The first method was to use file_render() to produce a sequence of image files in PNG format, not an animation, but in fact the first step to building an animation. For me this is great as it allows me to add flourishes not possible in R (and is an ideal outcome from the course for me!). I imported the sequence into a Blender, an open source 3D creation suite I use. I used the video editing functions to overlay a Queensland coastline I had handy for reference and rendered a movie in mp4 format. The resulting file was only 766.6 KB in size and it’s embedded here.
Sea Surface Temperature over Time
For me this one is prefered of the two methods, first the result is much smaller, easier to share, publish or use in a presentation and it allows me to add in the artistic components that are central to my job.

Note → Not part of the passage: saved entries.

text \<open>Ordering the units by score, the units that are not accepted form an upper segment
  whose lowest member already has mass at least 1 - alpha strictly below it.\<close>

lemma weighted_sum_score_accepted_ge:
  fixes w S :: "'i \<Rightarrow> real"
  assumes fin: "finite J" and nonneg: "\<And>j. j \<in> J \<Longrightarrow> 0 \<le> w j" and total: "1 - \<alpha> \<le> sum w J"
  shows "1 - \<alpha> \<le> (\<Sum>i\<in>J. w i * score_accepted \<alpha> w S J i)"
proof -
  define T where "T = {i\<in>J. below_mass w S J (S i) < 1 - \<alpha>}"
  have "(\<Sum>i\<in>J. w i * score_accepted \<alpha> w S J i)
      = (\<Sum>i\<in>J. if below_mass w S J (S i) < 1 - \<alpha> then w i else 0)"
    by (intro sum.cong) (auto simp: score_accepted_def)
  also have "\<dots> = sum w T"
    using fin by (simp add: T_def sum.inter_filter)
  finally have sum_T: "(\<Sum>i\<in>J. w i * score_accepted \<alpha> w S J i) = sum w T" .
  show ?thesis
  proof (cases "J - T = {}")
    case True
    then have "T = J" by (auto simp: T_def)
    then show ?thesis using sum_T total by simp
  next
    case False
    obtain i0 where i0: "i0 \<in> J - T" and least: "\<And>i. i \<in> J - T \<Longrightarrow> S i0 \<le> S i"
      using arg_min_if_finite[where f=S, OF _ False] arg_min_least[where f=S, OF _ False] fin by blast
    have "1 - \<alpha> \<le> below_mass w S J (S i0)"
      using i0 by (auto simp: T_def)
    also have "\<dots> \<le> sum w T"
      unfolding below_mass_def
      by (rule sum_mono2) (use fin nonneg least in \<open>auto simp: T_def not_le[symmetric]\<close>)
    finally show ?thesis using sum_T by simp
  qed
qed

lemma mem_Chat_iff:
  assumes "N0 n A \<noteq> 0"
  shows "y \<in> Chat \<alpha> s n X A Y x \<longleftrightarrow>
    below_mass (\<lambda>j. cq_weight n X A (Some j)) (\<lambda>l. s (X l) (Y l)) {l\<in>{..<n}. A l = 1} (s x y) < 1 - \<alpha>"
proof -
  have nonneg: "0 \<le> cq_weight n X A j" for j
    by (auto simp: cq_weight_def split: option.split intro!: sum_nonneg divide_nonneg_nonneg)
  have "{j\<in>cq_atoms n A. cq_value s X Y j < ereal (s x y)}
      = Some ` {l\<in>{l\<in>{..<n}. A l = 1}. s (X l) (Y l) < s x y}"
    by (auto simp: cq_atoms_def cq_value_def)
  then have "(\<Sum>j\<in>{j\<in>cq_atoms n A. cq_value s X Y j < ereal (s x y)}. cq_weight n X A j)
      = below_mass (\<lambda>j. cq_weight n X A (Some j)) (\<lambda>l. s (X l) (Y l)) {l\<in>{..<n}. A l = 1} (s x y)"
    by (simp add: below_mass_def sum.reindex)
  then show ?thesis
    using assms wquantile_ge_iff[of "cq_atoms n A" "cq_weight n X A" "s x y" \<alpha> "cq_value s X Y"] nonneg
    by (simp add: Chat_def cq_atoms_def)
qed

lemma coverage_eq_average_score_accepted:
  assumes "N0 n A \<noteq> 0"
  shows "coverage \<alpha> s n X A Y =
    (\<Sum>i\<in>{i\<in>{..<n}. A i = 0}.
       score_accepted \<alpha> (\<lambda>j. cq_weight n X A (Some j)) (\<lambda>l. s (X l) (Y l)) {l\<in>{..<n}. A l = 1} i)
    / real (N0 n A)"
  using assms by (simp add: coverage_def mem_Chat_iff score_accepted_def of_bool_def)

lemma sum_cq_weight_block_const:
  fixes g :: "nat \<Rightarrow> real"
  assumes const: "\<And>i j. i < n \<Longrightarrow> j < n \<Longrightarrow> X i = X j \<Longrightarrow> g i = g j"
  shows "(\<Sum>j<n. cq_weight n X A (Some j) * g j) = (\<Sum>i\<in>{i\<in>{..<n}. A i = 0}. g i) / real (N0 n A)"
proof -
  let ?U = "{i\<in>{..<n}. A i = 0}"
  let ?h = "\<lambda>j. g j / real (Nblk n X (X j))"
  have "(\<Sum>i\<in>?U. g i) = (\<Sum>i\<in>?U. \<Sum>j<n. if X i = X j then ?h j else 0)"
  proof (rule sum.cong[OF refl])
    fix i assume i: "i \<in> ?U"
    have block: "{j\<in>{..<n}. X i = X j} = {j\<in>{..<n}. X j = X i}" by auto
    have "(\<Sum>j<n. if X i = X j then ?h j else 0) = (\<Sum>j\<in>{j\<in>{..<n}. X i = X j}. ?h j)"
      by (rule sum.inter_filter[symmetric]) simp
    also have "\<dots> = (\<Sum>j\<in>{j\<in>{..<n}. X i = X j}. ?h i)"
      by (rule sum.cong[OF refl]) (use const i in simp)
    also have "\<dots> = real (Nblk n X (X i)) * ?h i"
      by (simp only: sum_constant block Nblk_def)
    also have "\<dots> = g i"
      using i by (auto simp: Nblk_def card_eq_0_iff)
    finally show "g i = (\<Sum>j<n. if X i = X j then ?h j else 0)" ..
  qed
  also have "\<dots> = (\<Sum>j<n. \<Sum>i\<in>?U. if X i = X j then ?h j else 0)"
    by (rule sum.swap)
  also have "\<dots> = (\<Sum>j<n. real (Nblk0 n X A (X j)) * ?h j)"
  proof (rule sum.cong[OF refl])
    fix j
    have block0: "{i\<in>?U. X i = X j} = {i\<in>{..<n}. X i = X j \<and> A i = 0}" by auto
    have "(\<Sum>i\<in>?U. if X i = X j then ?h j else 0) = (\<Sum>i\<in>{i\<in>?U. X i = X j}. ?h j)"
      by (rule sum.inter_filter[symmetric]) simp
    also have "\<dots> = real (Nblk0 n X A (X j)) * ?h j"
      by (simp only: sum_constant block0 Nblk0_def)
    finally show "(\<Sum>i\<in>?U. if X i = X j then ?h j else 0) = real (Nblk0 n X A (X j)) * ?h j" .
  qed
  finally have "(\<Sum>i\<in>?U. g i) / real (N0 n A) = (\<Sum>j<n. real (Nblk0 n X A (X j)) * ?h j) / real (N0 n A)"
    by simp
  then show ?thesis
    by (simp add: cq_weight_def sum_divide_distrib mult.commute)
qed

lemma integral_permute_coordinates:
  fixes g :: "('i \<Rightarrow> 'a) \<Rightarrow> real"
  assumes sets_P: "sets P = sets (PiM I (\<lambda>_. M))" and perm: "\<pi> permutes I"
    and invariant: "distr P (PiM I (\<lambda>_. M)) (\<lambda>y. \<lambda>i\<in>I. y (\<pi> i)) = P"
    and g: "g \<in> borel_measurable (PiM I (\<lambda>_. M))"
  shows "(\<integral>y. g (\<lambda>i\<in>I. y (\<pi> i)) \<partial>P) = integral\<^sup>L P g"
proof -
  have "(\<lambda>y. \<lambda>i\<in>I. y (\<pi> i)) \<in> measurable P (PiM I (\<lambda>_. M))"
    unfolding measurable_cong_sets[OF sets_P refl]
    by (intro measurable_restrict measurable_component_singleton)
       (use perm in \<open>auto simp: permutes_in_image\<close>)
  from integral_distr[OF this g] show ?thesis
    using invariant by simp
qed

lemma measurable_score_accepted:
  fixes S :: "'i \<Rightarrow> 'y \<Rightarrow> real"
  assumes S: "\<And>l. l \<in> I \<Longrightarrow> S l \<in> borel_measurable M"
    and J: "finite J" "J \<subseteq> I" and i: "i \<in> I"
  shows "(\<lambda>y. score_accepted \<alpha> w (\<lambda>l. S l (y l)) J i) \<in> borel_measurable (PiM I (\<lambda>_. M))"
proof -
  have score: "(\<lambda>y. S l (y l)) \<in> borel_measurable (PiM I (\<lambda>_. M))" if "l \<in> I" for l
    using measurable_compose[OF measurable_component_singleton[OF that] S[OF that]] .
  have "(\<lambda>y. below_mass w (\<lambda>l. S l (y l)) J (S i (y i))) \<in> borel_measurable (PiM I (\<lambda>_. M))"
    unfolding below_mass_eq_sum_if[OF J(1)]
    by (intro borel_measurable_sum measurable_If borel_measurable_less score measurable_const)
       (use J i in auto)
  then show ?thesis
    unfolding score_accepted_def of_bool_def
    by (intro measurable_If borel_measurable_less measurable_const) auto
qed

lemma integrable_score_accepted:
  fixes S :: "'i \<Rightarrow> 'y \<Rightarrow> real"
  assumes "prob_space P" "sets P = sets (PiM I (\<lambda>_. M))"
    and "\<And>l. l \<in> I \<Longrightarrow> S l \<in> borel_measurable M" "finite J" "J \<subseteq> I" "i \<in> I"
  shows "integrable P (\<lambda>y. score_accepted \<alpha> w (\<lambda>l. S l (y l)) J i)"
proof -
  interpret prob_space P by fact
  show ?thesis
  proof (rule integrable_const_bound[where B=1])
    show "(\<lambda>y. score_accepted \<alpha> w (\<lambda>l. S l (y l)) J i) \<in> borel_measurable P"
      unfolding measurable_cong_sets[OF assms(2) refl]
      by (rule measurable_score_accepted) (use assms in auto)
  qed (simp add: score_accepted_def)
qed

lemma integral_score_accepted_permute:
  fixes S :: "'i \<Rightarrow> 'y \<Rightarrow> real"
  assumes sets_P: "sets P = sets (PiM I (\<lambda>_. M))" and I: "finite I"
    and S: "\<And>l. l \<in> I \<Longrightarrow> S l \<in> borel_measurable M"
    and perm: "\<pi> permutes I"
    and invariant: "distr P (PiM I (\<lambda>_. M)) (\<lambda>y. \<lambda>i\<in>I. y (\<pi> i)) = P"
    and S_\<pi>: "\<And>l. l \<in> I \<Longrightarrow> S (\<pi> l) = S l" and w_\<pi>: "\<And>l. l \<in> I \<Longrightarrow> w (\<pi> l) = w l"
    and j: "j \<in> I"
  shows "(\<integral>y. score_accepted \<alpha> w (\<lambda>l. S l (y l)) I j \<partial>P)
       = (\<integral>y. score_accepted \<alpha> w (\<lambda>l. S l (y l)) I (\<pi> j) \<partial>P)"
proof -
  let ?acc = "\<lambda>i y. score_accepted \<alpha> w (\<lambda>l. S l (y l)) I i"
  have swap: "?acc j (\<lambda>i\<in>I. y (\<pi> i)) = ?acc (\<pi> j) y" for y
    by (rule score_accepted_permute[where \<pi>=\<pi> and J=I and w=w
          and S'="\<lambda>l. S l ((\<lambda>i\<in>I. y (\<pi> i)) l)" and S="\<lambda>l. S l (y l)", OF perm w_\<pi>])
       (use S_\<pi> j in auto)
  have "integral\<^sup>L P (?acc j) = (\<integral>y. ?acc j (\<lambda>i\<in>I. y (\<pi> i)) \<partial>P)"
    by (rule integral_permute_coordinates[OF sets_P perm invariant, symmetric])
       (rule measurable_score_accepted[OF S I order_refl j])
  then show ?thesis
    by (simp only: swap)
qed

lemma weighted_sum_integral_score_accepted_ge:
  fixes w :: "'i \<Rightarrow> real" and T :: "'a \<Rightarrow> 'i \<Rightarrow> real"
  assumes P: "prob_space P" and fin: "finite J" and nonneg: "\<And>j. j \<in> J \<Longrightarrow> 0 \<le> w j"
    and total: "1 - \<alpha> \<le> sum w J"
    and integrable: "\<And>i. i \<in> J \<Longrightarrow> integrable P (\<lambda>y. score_accepted \<alpha> w (T y) J i)"
  shows "1 - \<alpha> \<le> (\<Sum>i\<in>J. w i * (\<integral>y. score_accepted \<alpha> w (T y) J i \<partial>P))"
proof -
  interpret prob_space P by fact
  have "1 - \<alpha> = (\<integral>y. 1 - \<alpha> \<partial>P)"
    by (simp add: prob_space)
  also have "\<dots> \<le> (\<integral>y. (\<Sum>i\<in>J. w i * score_accepted \<alpha> w (T y) J i) \<partial>P)"
    using weighted_sum_score_accepted_ge[OF fin nonneg total] integrable
    by (intro integral_mono Bochner_Integration.integrable_sum integrable_mult_right) auto
  also have "\<dots> = (\<Sum>i\<in>J. w i * (\<integral>y. score_accepted \<alpha> w (T y) J i \<partial>P))"
    using integrable by (subst Bochner_Integration.integral_sum) auto
  finally show ?thesis .
qed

As it turns out I now have a method to effiecently produce a image sequence of heat maps I can use as a component in an animation.
To be honest what I did was a quick and dirty method. You see I didn’t actually plot a map, I used a visual trick to make you think I did. The geom_raster() function seems to be fine for a single image but it disgreed with the transition_states() function, the animated graph instead uses geom_point(). It’s actually a scatter plot with the point size aliased for pixelsize to trick the eye into seeing it as a continuous map. So what I would like to learn now is how to properly project a map in R, and match the coastline up smoothly.
Also there are other little niceties, such as adding a timestamp (which would be helpful to the person viewing the file), so lots more to touch up.
My Data School experience has been positive, I enjoyed interacting with both the instructors, helpers and students. Not only did I learn a little bit about R but also gained a appreaciation for the workflow of other CSIRO staff members.